Kristóf
/Director of Customer Relations
I have been talking to lab directors and managers about their challenges. Why can innovation still be slow in the age of AI? What are the biggest issues their teams face? What makes their life harder? I've noticed the same thing again and again: the real bottleneck is rarely the science. It's everything around it.
At Bishop & Co., my job is to understand the deep, often unglamorous challenges a lab is wrestling with, and then work out how we can actually help. The pattern I keep seeing is this: improving assay generation increases productivity, automating a workflow improves efficiency, but treating and optimising labs as a complete holistic operation improves the entire business.

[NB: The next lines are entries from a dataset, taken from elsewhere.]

(* If $T$ is a subcubic tree, then $\gamma_e(T)=\gamma_{e,f}^*(T)$ if and only if $T$ is $K_{1,3}$.
   Context: All graphs are finite, simple and undirected; subcubic means maximum degree at most $3$; $K_{1,3}$ is the star with three leaves. For a graph $G$ and $D\subseteq V(G)$, and vertices $u,v$, let $\mathrm{dist}_{(G,D)}(u,v)$ be the minimum number of edges of a path $P$ in $G$ between $u$ and $v$ such that $D$ contains exactly one endvertex of $P$ and no internal vertex of $P$ ($\infty$ if no such path exists; in particular $\mathrm{dist}_{(G,D)}(u,u)=0$ for $u\in D$). Let $w_{(G,D)}(u)=\sum_{v\in D}\left(\frac12\right)^{\mathrm{dist}_{(G,D)}(u,v)-1}$ with $\left(\frac12\right)^\infty=0$. $D$ is an exponential dominating set if $w_{(G,D)}(u)\ge 1$ for every $u\in V(G)$, and $\gamma_e(G)$ is the minimum size of an exponential dominating set. The fractional porous exponential domination number $\gamma_{e,f}^*(G)$ is the optimum value of the linear program: minimize $\sum_{u\in V(G)}x(u)$ subject to $\sum_{u\in V(G)}\left(\frac12\right)^{\mathrm{dist}_G(u,v)-1}x(u)\ge 1$ for every $v\in V(G)$ and $x\ge 0$, where $\mathrm{dist}_G$ is the usual distance. *)

theory Defs
  imports Complex_Main "HOL-Library.Extended_Nat"
begin

definition graph :: "'a set \<Rightarrow> ('a \<Rightarrow> 'a \<Rightarrow> bool) \<Rightarrow> bool" where
  "graph V E \<longleftrightarrow> finite V \<and> (\<forall>u v. E u v \<longrightarrow> u \<in> V \<and> v \<in> V)
     \<and> (\<forall>u v. E u v \<longrightarrow> E v u) \<and> (\<forall>u. \<not> E u u)"

definition is_path :: "'a set \<Rightarrow> ('a \<Rightarrow> 'a \<Rightarrow> bool) \<Rightarrow> 'a list \<Rightarrow> bool" where
  "is_path V E p \<longleftrightarrow> p \<noteq> [] \<and> distinct p \<and> set p \<subseteq> V
     \<and> (\<forall>i. Suc i < length p \<longrightarrow> E (p ! i) (p ! Suc i))"

definition connected_graph :: "'a set \<Rightarrow> ('a \<Rightarrow> 'a \<Rightarrow> bool) \<Rightarrow> bool" where
  "connected_graph V E \<longleftrightarrow> V \<noteq> {} \<and>
     (\<forall>u\<in>V. \<forall>v\<in>V. \<exists>p. is_path V E p \<and> hd p = u \<and> last p = v)"

definition is_cycle :: "'a set \<Rightarrow> ('a \<Rightarrow> 'a \<Rightarrow> bool) \<Rightarrow> 'a list \<Rightarrow> bool" where
  "is_cycle V E c \<longleftrightarrow> is_path V E c \<and> length c \<ge> 3 \<and> E (last c) (hd c)"

definition tree :: "'a set \<Rightarrow> ('a \<Rightarrow> 'a \<Rightarrow> bool) \<Rightarrow> bool" where
  "tree V E \<longleftrightarrow> graph V E \<and> connected_graph V E \<and> (\<nexists>c. is_cycle V E c)"

definition subcubic :: "'a set \<Rightarrow> ('a \<Rightarrow> 'a \<Rightarrow> bool) \<Rightarrow> bool" where
  "subcubic V E \<longleftrightarrow> (\<forall>u\<in>V. card {v\<in>V. E u v} \<le> 3)"

definition K13_V :: "nat set" where "K13_V = {0,1,2,3}"
definition K13_E :: "nat \<Rightarrow> nat \<Rightarrow> bool" where
  "K13_E a b \<longleftrightarrow> (a = 0 \<and> b \<in> {1,2,3}) \<or> (b = 0 \<and> a \<in> {1,2,3})"

definition graph_iso :: "'a set \<Rightarrow> ('a \<Rightarrow> 'a \<Rightarrow> bool) \<Rightarrow> 'b set \<Rightarrow> ('b \<Rightarrow> 'b \<Rightarrow> bool) \<Rightarrow> bool" where
  "graph_iso V E W F \<longleftrightarrow> (\<exists>f. bij_betw f V W \<and> (\<forall>u\<in>V. \<forall>v\<in>V. E u v \<longleftrightarrow> F (f u) (f v)))"

text \<open>Usual distance (number of edges of a shortest path), \<infinity> if none.\<close>
definition gdist :: "'a set \<Rightarrow> ('a \<Rightarrow> 'a \<Rightarrow> bool) \<Rightarrow> 'a \<Rightarrow> 'a \<Rightarrow> enat" where
  "gdist V E u v = Inf {enat (length p - 1) | p. is_path V E p \<and> hd p = u \<and> last p = v}"

definition Ddist :: "'a set \<Rightarrow> ('a \<Rightarrow> 'a \<Rightarrow> bool) \<Rightarrow> 'a set \<Rightarrow> 'a \<Rightarrow> 'a \<Rightarrow> enat" where
  "Ddist V E D u v = Inf {enat (length p - 1) | p. is_path V E p \<and> hd p = u \<and> last p = v
      \<and> card ({hd p, last p} \<inter> D) = 1 \<and> set (butlast (tl p)) \<inter> D = {}}"

definition half_pow :: "enat \<Rightarrow> real" where
  "half_pow d = (case d of enat n \<Rightarrow> (1/2::real) powr (real n - 1) | \<infinity> \<Rightarrow> 0)"

definition exp_weight :: "'a set \<Rightarrow> ('a \<Rightarrow> 'a \<Rightarrow> bool) \<Rightarrow> 'a set \<Rightarrow> 'a \<Rightarrow> real" where
  "exp_weight V E D u = (\<Sum>v\<in>D. half_pow (Ddist V E D u v))"

definition exp_dominating :: "'a set \<Rightarrow> ('a \<Rightarrow> 'a \<Rightarrow> bool) \<Rightarrow> 'a set \<Rightarrow> bool" where
  "exp_dominating V E D \<longleftrightarrow> D \<subseteq> V \<and> (\<forall>u\<in>V. exp_weight V E D u \<ge> 1)"

definition gamma_e :: "'a set \<Rightarrow> ('a \<Rightarrow> 'a \<Rightarrow> bool) \<Rightarrow> nat" where
  "gamma_e V E = (LEAST k. \<exists>D. exp_dominating V E D \<and> card D = k)"

definition lp_feasible :: "'a set \<Rightarrow> ('a \<Rightarrow> 'a \<Rightarrow> bool) \<Rightarrow> ('a \<Rightarrow> real) \<Rightarrow> bool" where
  "lp_feasible V E x \<longleftrightarrow> (\<forall>u\<in>V. x u \<ge> 0) \<and>
     (\<forall>v\<in>V. (\<Sum>u\<in>V. half_pow (gdist V E u v) * x u) \<ge> 1)"

definition gamma_ef_star :: "'a set \<Rightarrow> ('a \<Rightarrow> 'a \<Rightarrow> bool) \<Rightarrow> real" where
  "gamma_ef_star V E = Inf {\<Sum>u\<in>V. x u | x. lp_feasible V E x}"

end

theory Submission
  imports Defs
begin

text \<open>The LP is a relaxation: a path meeting \<open>D\<close> only in one endpoint is still a path, so the
  indicator of an exponential dominating set is feasible and the LP optimum is at most \<open>\<gamma>\<^sub>e\<close>.

  If a minimum exponential dominating set \<open>D\<close> contains \<open>u \<noteq> u'\<close>, let \<open>z\<close> be the neighbour
  of \<open>u\<close> towards \<open>u'\<close> and move weight \<open>\<epsilon>\<close> off \<open>u\<close>, putting \<open>\<epsilon>/2\<close> on \<open>z\<close>. The constraint
  at \<open>v\<close> is unchanged when \<open>dist(u,v) = dist(z,v) + 1\<close>. Every other \<open>v\<close> is separated from
  \<open>u'\<close> by \<open>u\<close> in the tree, so \<open>u'\<close> contributes nothing to the exponential weight of \<open>v\<close> but at
  least \<open>2\<^sup>1\<^sup>-\<^sup>|\<^sup>V\<^sup>|\<close> to the LP constraint at \<open>v\<close>; this slack pays for \<open>\<epsilon> = 2\<^sup>-\<^sup>|\<^sup>V\<^sup>|\<close>.
  Hence the LP optimum is strictly smaller than \<open>\<gamma>\<^sub>e\<close>.

  If \<open>\<gamma>\<^sub>e = 1\<close>, the dominating vertex is adjacent to all others, so the subcubic tree is a
  star with at most three leaves. With fewer leaves the uniform solution has value below \<open>1\<close>,
  while for \<open>K\<^sub>1\<^sub>,\<^sub>3\<close> the dual solution \<open>1/3\<close> on every leaf shows that the LP optimum
  is \<open>1\<close>.\<close>

section \<open>Walks and paths\<close>

lemma is_path_iff_successively:
  "is_path V E p \<longleftrightarrow> p \<noteq> [] \<and> distinct p \<and> set p \<subseteq> V \<and> successively E p"
  by (auto simp: is_path_def successively_conv_nth)

lemma graph_sym: "graph V E \<Longrightarrow> E a b \<Longrightarrow> E b a"
  by (simp add: graph_def)

lemma graph_irrefl: "graph V E \<Longrightarrow> \<not> E a a"
  by (simp add: graph_def)

lemma graph_vertices: "graph V E \<Longrightarrow> E a b \<Longrightarrow> a \<in> V \<and> b \<in> V"
  by (simp add: graph_def)

definition walk :: "'a set \<Rightarrow> ('a \<Rightarrow> 'a \<Rightarrow> bool) \<Rightarrow> 'a list \<Rightarrow> bool" where
  "walk V E p \<longleftrightarrow> p \<noteq> [] \<and> set p \<subseteq> V \<and> successively E p"

lemma is_path_imp_walk: "is_path V E p \<Longrightarrow> walk V E p"
  by (simp add: is_path_iff_successively walk_def)

lemma walk_rev: "graph V E \<Longrightarrow> walk V E p \<Longrightarrow> walk V E (rev p)"
  by (auto simp: walk_def graph_def intro: successively_mono)

lemma walk_append_tl:
  "walk V E p \<Longrightarrow> walk V E q \<Longrightarrow> last p = hd q \<Longrightarrow> walk V E (p @ tl q)"
  unfolding walk_def by (cases q) (auto simp: successively_append_iff successively_Cons)

lemma last_append_tl: "q \<noteq> [] \<Longrightarrow> last p = hd q \<Longrightarrow> last (p @ tl q) = last q"
  by (cases q) auto

lemma walk_contains_path:
  assumes "walk V E p"
  shows "\<exists>q. is_path V E q \<and> hd q = hd p \<and> last q = last p \<and> set q \<subseteq> set p \<and> length q \<le> length p"
  using assms
proof (induction "length p" arbitrary: p rule: less_induct)
  case less
  show ?case
  proof (cases "distinct p")
    case True
    then show ?thesis using less.prems by (auto simp: walk_def is_path_iff_successively)
  next
    case False
    then obtain xs ys zs y where p: "p = xs @ [y] @ ys @ [y] @ zs"
      using not_distinct_decomp by blast
    let ?p = "xs @ [y] @ zs"
    have "walk V E ?p"
      using less.prems unfolding walk_def p by (auto simp: successively_append_iff successively_Cons)
    moreover have "length ?p < length p" by (simp add: p)
    ultimately obtain q where "is_path V E q" "hd q = hd ?p" "last q = last ?p"
        "set q \<subseteq> set ?p" "length q \<le> length ?p"
      using less.hyps by blast
    then show ?thesis by (intro exI[of _ q]) (auto simp: p hd_append last_append)
  qed
qed

section \<open>Graph distance\<close>

lemma gdist_le_path:
  "is_path V E p \<Longrightarrow> hd p = a \<Longrightarrow> last p = b \<Longrightarrow> gdist V E a b \<le> enat (length p - 1)"
  unfolding gdist_def by (rule Inf_lower) blast

lemma gdist_le_walk:
  assumes "walk V E p" "hd p = a" "last p = b"
  shows "gdist V E a b \<le> enat (length p - 1)"
proof -
  obtain q where q: "is_path V E q" "hd q = a" "last q = b" "length q \<le> length p"
    using walk_contains_path[OF assms(1)] assms by metis
  then have "gdist V E a b \<le> enat (length q - 1)" by (intro gdist_le_path)
  also have "\<dots> \<le> enat (length p - 1)" using q by simp
  finally show ?thesis .
qed

lemma gdist_attained:
  assumes "gdist V E a b = enat k"
  obtains p where "is_path V E p" "hd p = a" "last p = b" "length p = Suc k"
proof -
  let ?S = "{enat (length p - 1) | p. is_path V E p \<and> hd p = a \<and> last p = b}"
  have "?S \<noteq> {}"
    using assms unfolding gdist_def by (metis Inf_empty enat.distinct(2) top_enat_def)
  then have "Inf ?S \<in> ?S" unfolding Inf_enat_def by (auto intro: LeastI)
  then obtain p where "is_path V E p" "hd p = a" "last p = b" "length p - 1 = k"
    using assms unfolding gdist_def by auto
  moreover have "p \<noteq> []" using \<open>is_path V E p\<close> by (simp add: is_path_def)
  ultimately show ?thesis by (intro that) auto
qed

Let me walk you through what that shift actually looks like.
From manual workflow to intelligent workflow
Most of the labs we work with and talk to produce a lot of data, while their workflows are still optimised for paper:
- Sample and result logging by hand
- Printing and then re-digitising spreadsheets that only one person really understands
- Manually planning sample placements
- SOP sign-offs on paper that have to be physically chased down.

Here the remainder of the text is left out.